:: Work order ::
Give the number of lines in the records below that include the word "bool", and add nothing to it.

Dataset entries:

===============

(* Let $n\ge 2$ and $y=(y_1,\dots,y_{n-1},q)\in\mathbb C^n$. The following are equivalent (in each condition, "for all $j$" means for all $j=1,\dots,[n/2]$): (1) $y\in\widetilde{\mathbb G}_n$; (2) $\binom{n}{j}-y_jz-y_{n-j}w+\binom{n}{j}qzw\neq 0$ for all $z,w\in\overline{\mathbb D}$ and all $j$; (3) for all $j$: $\|\Phi_j(\cdot,y)\|_{H^\infty}<1$, and if $y_jy_{n-j}=\binom{n}{j}^2q$ then in addition $|y_{n-j}|<\binom{n}{j}$; (3') for all $j$: $\|\Phi_{n-j}(\cdot,y)\|_{H^\infty}<1$, and if $y_jy_{n-j}=\binom{n}{j}^2q$ then in addition $|y_j|<\binom{n}{j}$; (4) for all $j$: $\binom{n}{j}|y_j-\bar y_{n-j}q|+|y_jy_{n-j}-\binom{n}{j}^2q|<\binom{n}{j}^2-|y_{n-j}|^2$; (4') for all $j$: $\binom{n}{j}|y_{n-j}-\bar y_{j}q|+|y_jy_{n-j}-\binom{n}{j}^2q|<\binom{n}{j}^2-|y_{j}|^2$; (5) for all $j$: $|y_j|^2-|y_{n-j}|^2+\binom{n}{j}^2|q|^2+2\binom{n}{j}|y_{n-j}-\bar y_jq|<\binom{n}{j}^2$ and $|y_{n-j}|<\binom{n}{j}$; (5') for all $j$: $|y_{n-j}|^2-|y_{j}|^2+\binom{n}{j}^2|q|^2+2\binom{n}{j}|y_{j}-\bar y_{n-j}q|<\binom{n}{j}^2$ and $|y_{j}|<\binom{n}{j}$; (6) $|q|<1$ and $|y_j|^2+|y_{n-j}|^2-\binom{n}{j}^2|q|^2+2|y_jy_{n-j}-\binom{n}{j}^2q|<\binom{n}{j}^2$ for all $j$; (7) $|y_{n-j}-\bar y_jq|+|y_j-\bar y_{n-j}q|<\binom{n}{j}(1-|q|^2)$ for all $j$; (8) there exist $2\times 2$ complex matrices $B_1,\dots,B_{[n/2]}$ with $\|B_j\|<1$, $y_j=\binom{n}{j}[B_j]_{11}$, $y_{n-j}=\binom{n}{j}[B_j]_{22}$ for all $j$, and $\det B_1=\dots=\det B_{[n/2]}=q$; (9) the same as (8) with the $B_j$ additionally symmetric matrices.
   Context: $\mathbb D$ is the open unit disc, $[x]$ the integer part, $\|\cdot\|$ the operator norm. $\widetilde{\mathbb G}_n=\{(y_1,\dots,y_{n-1},q)\in\mathbb C^n: q\in\mathbb D,\ y_j=\beta_j+\bar\beta_{n-j}q$ for some $\beta_j\in\mathbb C$ with $|\beta_j|+|\beta_{n-j}|<\binom{n}{j}$, $j=1,\dots,n-1\}$. For $z\in\mathbb C$, $y=(y_1,\dots,y_{n-1},q)\in\mathbb C^n$ and $j\in\{1,\dots,n-1\}$, define $\Phi_j(z,y)=\dfrac{\binom{n}{j}qz-y_j}{y_{n-j}z-\binom{n}{j}}$ if $y_{n-j}z\ne\binom{n}{j}$ and $y_jy_{n-j}\neq\binom{n}{j}^2q$, and $\Phi_j(z,y)=y_j/\binom{n}{j}$ if $y_jy_{n-j}=\binom{n}{j}^2q$. Set $\|\Phi_j(\cdot,y)\|_{H^\infty}=\sup_{z\in\mathbb D}|\Phi_j(z,y)|$, understood as $+\infty$ if $\Phi_j(\cdot,y)$ is undefined somewhere on $\mathbb D$ or unbounded there. *)

theory Defs
  imports "HOL-Analysis.Analysis"
begin

text \<open>A point of C^n is represented by a family y :: nat => complex (only the
  entries y 1, ..., y (n-1) matter) together with the last coordinate q.\<close>

definition cb :: "nat \<Rightarrow> nat \<Rightarrow> real" where
  "cb n j = real (n choose j)"

definition tetrablock_n :: "nat \<Rightarrow> (nat \<Rightarrow> complex) \<Rightarrow> complex \<Rightarrow> bool" where
  "tetrablock_n n y q \<longleftrightarrow> cmod q < 1 \<and>
     (\<exists>\<beta>::nat \<Rightarrow> complex. \<forall>j\<in>{1..n-1}.
        y j = \<beta> j + cnj (\<beta> (n - j)) * q \<and>
        cmod (\<beta> j) + cmod (\<beta> (n - j)) < cb n j)"

definition Phi_defined :: "nat \<Rightarrow> (nat \<Rightarrow> complex) \<Rightarrow> complex \<Rightarrow> nat \<Rightarrow> complex \<Rightarrow> bool" where
  "Phi_defined n y q j z \<longleftrightarrow>
     y j * y (n - j) = of_real (cb n j ^ 2) * q \<or> y (n - j) * z \<noteq> of_real (cb n j)"

definition Phi :: "nat \<Rightarrow> (nat \<Rightarrow> complex) \<Rightarrow> complex \<Rightarrow> nat \<Rightarrow> complex \<Rightarrow> complex" where
  "Phi n y q j z =
     (if y j * y (n - j) = of_real (cb n j ^ 2) * q then y j / of_real (cb n j)
      else (of_real (cb n j) * q * z - y j) / (y (n - j) * z - of_real (cb n j)))"

definition Phi_Hinf :: "nat \<Rightarrow> (nat \<Rightarrow> complex) \<Rightarrow> complex \<Rightarrow> nat \<Rightarrow> ereal" where
  "Phi_Hinf n y q j =
     (if \<forall>z\<in>ball 0 1. Phi_defined n y q j z
      then (SUP z\<in>ball 0 1. ereal (cmod (Phi n y q j z)))
      else \<infinity>)"

end

theory Submission
  imports Defs
begin

definition tetrablock :: "complex \<Rightarrow> complex \<Rightarrow> complex \<Rightarrow> bool" where
  "tetrablock a b p \<longleftrightarrow> (\<forall>z\<in>cball 0 1. \<forall>w\<in>cball 0 1. 1 - a * z - b * w + p * z * w \<noteq> 0)"

lemma tetrablock_commute: "tetrablock a b p \<longleftrightarrow> tetrablock b a p"
proof -
  have "1 - a * z - b * w + p * z * w = 1 - b * w - a * z + p * w * z" for z w :: complex
    by (simp add: algebra_simps)
  then show ?thesis
    unfolding tetrablock_def by metis
qed

lemma norm_mult_less_one: "cmod b < 1 \<Longrightarrow> cmod w \<le> 1 \<Longrightarrow> cmod (b * w) < 1"
  by (metis le_less_trans mult_left_le norm_ge_zero norm_mult)

lemma one_minus_mult_nonzero_on_cball_iff:
  "(\<forall>z\<in>cball 0 1. 1 - c * z \<noteq> 0) \<longleftrightarrow> cmod c < 1"
proof
  assume nonzero: "\<forall>z\<in>cball 0 1. 1 - c * z \<noteq> 0"
  show "cmod c < 1"
  proof (rule ccontr)
    assume "\<not> cmod c < 1"
    then have "c \<noteq> 0" "1 / c \<in> cball 0 1"
      by (auto simp: norm_divide divide_le_eq_1)
    with nonzero show False
      by fastforce
  qed
next
  assume "cmod c < 1"
  then have "cmod (c * z) \<noteq> 1" if "z \<in> cball 0 1" for z
    using norm_mult_less_one[of c z] that by simp
  then show "\<forall>z\<in>cball 0 1. 1 - c * z \<noteq> 0"
    by fastforce
qed

lemma tetrablock_degenerate_iff:
  assumes "a * b = p"
  shows "tetrablock a b p \<longleftrightarrow> cmod a < 1 \<and> cmod b < 1"
proof -
  have "1 - a * z - b * w + p * z * w = (1 - a * z) * (1 - b * w)" for z w
    using assms by (simp add: algebra_simps)
  then have "tetrablock a b p \<longleftrightarrow> (\<forall>z\<in>cball 0 1. 1 - a * z \<noteq> 0) \<and> (\<forall>w\<in>cball 0 1. 1 - b * w \<noteq> 0)"
    unfolding tetrablock_def by (metis mult_eq_0_iff)
  then show ?thesis
    by (simp only: one_minus_mult_nonzero_on_cball_iff)
qed

lemma tetrablock_iff_moebius_bound:
  "tetrablock a b p \<longleftrightarrow> cmod b < 1 \<and> (\<forall>w. cmod w \<le> 1 \<longrightarrow> cmod (p * w - a) < cmod (b * w - 1))"
proof
  assume tb: "tetrablock a b p"
  have b: "cmod b < 1"
  proof (rule ccontr)
    assume "\<not> cmod b < 1"
    then have "b \<noteq> 0" "cmod (1 / b) \<le> 1"
      by (auto simp: norm_divide divide_le_eq_1)
    moreover have "1 - a * 0 - b * (1 / b) + p * 0 * (1 / b) = 0"
      using \<open>b \<noteq> 0\<close> by simp
    ultimately show False
      using tb unfolding tetrablock_def by (meson centre_in_cball mem_cball_0 zero_le_one)
  qed
  moreover have "cmod (p * w - a) < cmod (b * w - 1)" if w: "cmod w \<le> 1" for w
  proof (rule ccontr)
    assume "\<not> ?thesis"
    moreover have "b * w - 1 \<noteq> 0"
      using norm_mult_less_one[OF b w] by auto
    ultimately have "p * w - a \<noteq> 0" and z: "cmod ((b * w - 1) / (p * w - a)) \<le> 1"
      by (auto simp: norm_divide divide_le_eq_1)
    moreover have "1 - a * ((b * w - 1) / (p * w - a)) - b * w + p * ((b * w - 1) / (p * w - a)) * w = 0"
      using \<open>p * w - a \<noteq> 0\<close> by (simp add: field_simps)
    moreover have "(b * w - 1) / (p * w - a) \<in> cball 0 1" "w \<in> cball 0 1"
      using z w by simp_all
    ultimately show False
      using tb unfolding tetrablock_def by blast
  qed
  ultimately show "cmod b < 1 \<and> (\<forall>w. cmod w \<le> 1 \<longrightarrow> cmod (p * w - a) < cmod (b * w - 1))"
    by blast
next
  assume "cmod b < 1 \<and> (\<forall>w. cmod w \<le> 1 \<longrightarrow> cmod (p * w - a) < cmod (b * w - 1))"
  then have bound: "cmod (p * w - a) < cmod (b * w - 1)" if "cmod w \<le> 1" for w
    using that by blast
  show "tetrablock a b p"
    unfolding tetrablock_def
  proof (intro ballI)
    fix z w :: complex
    assume "z \<in> cball 0 1" "w \<in> cball 0 1"
    then have "cmod (z * (p * w - a)) < cmod (b * w - 1)"
      using bound by (simp add: norm_mult) (meson le_less_trans mult_left_le_one_le norm_ge_zero)
    then have "z * (p * w - a) \<noteq> b * w - 1"
      by auto
    moreover have "1 - a * z - b * w + p * z * w = z * (p * w - a) - (b * w - 1)"
      by (simp add: algebra_simps)
    ultimately show "1 - a * z - b * w + p * z * w \<noteq> 0"
      by (metis right_minus_eq)
  qed
qed

lemma exists_unimodular_mult_eq_norm: "\<exists>w. cmod w = 1 \<and> w * u = of_real (cmod u)"
proof (cases "u = 0")
  case False
  have "cnj u / of_real (cmod u) * u = of_real (cmod u)"
    using False by (simp add: field_simps power2_eq_square flip: complex_norm_square)
  then show ?thesis
    using False by (intro exI[of _ "cnj u / of_real (cmod u)"]) (simp add: norm_divide)
qed (auto intro: exI[of _ 1])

===============

:: Completed task ::
3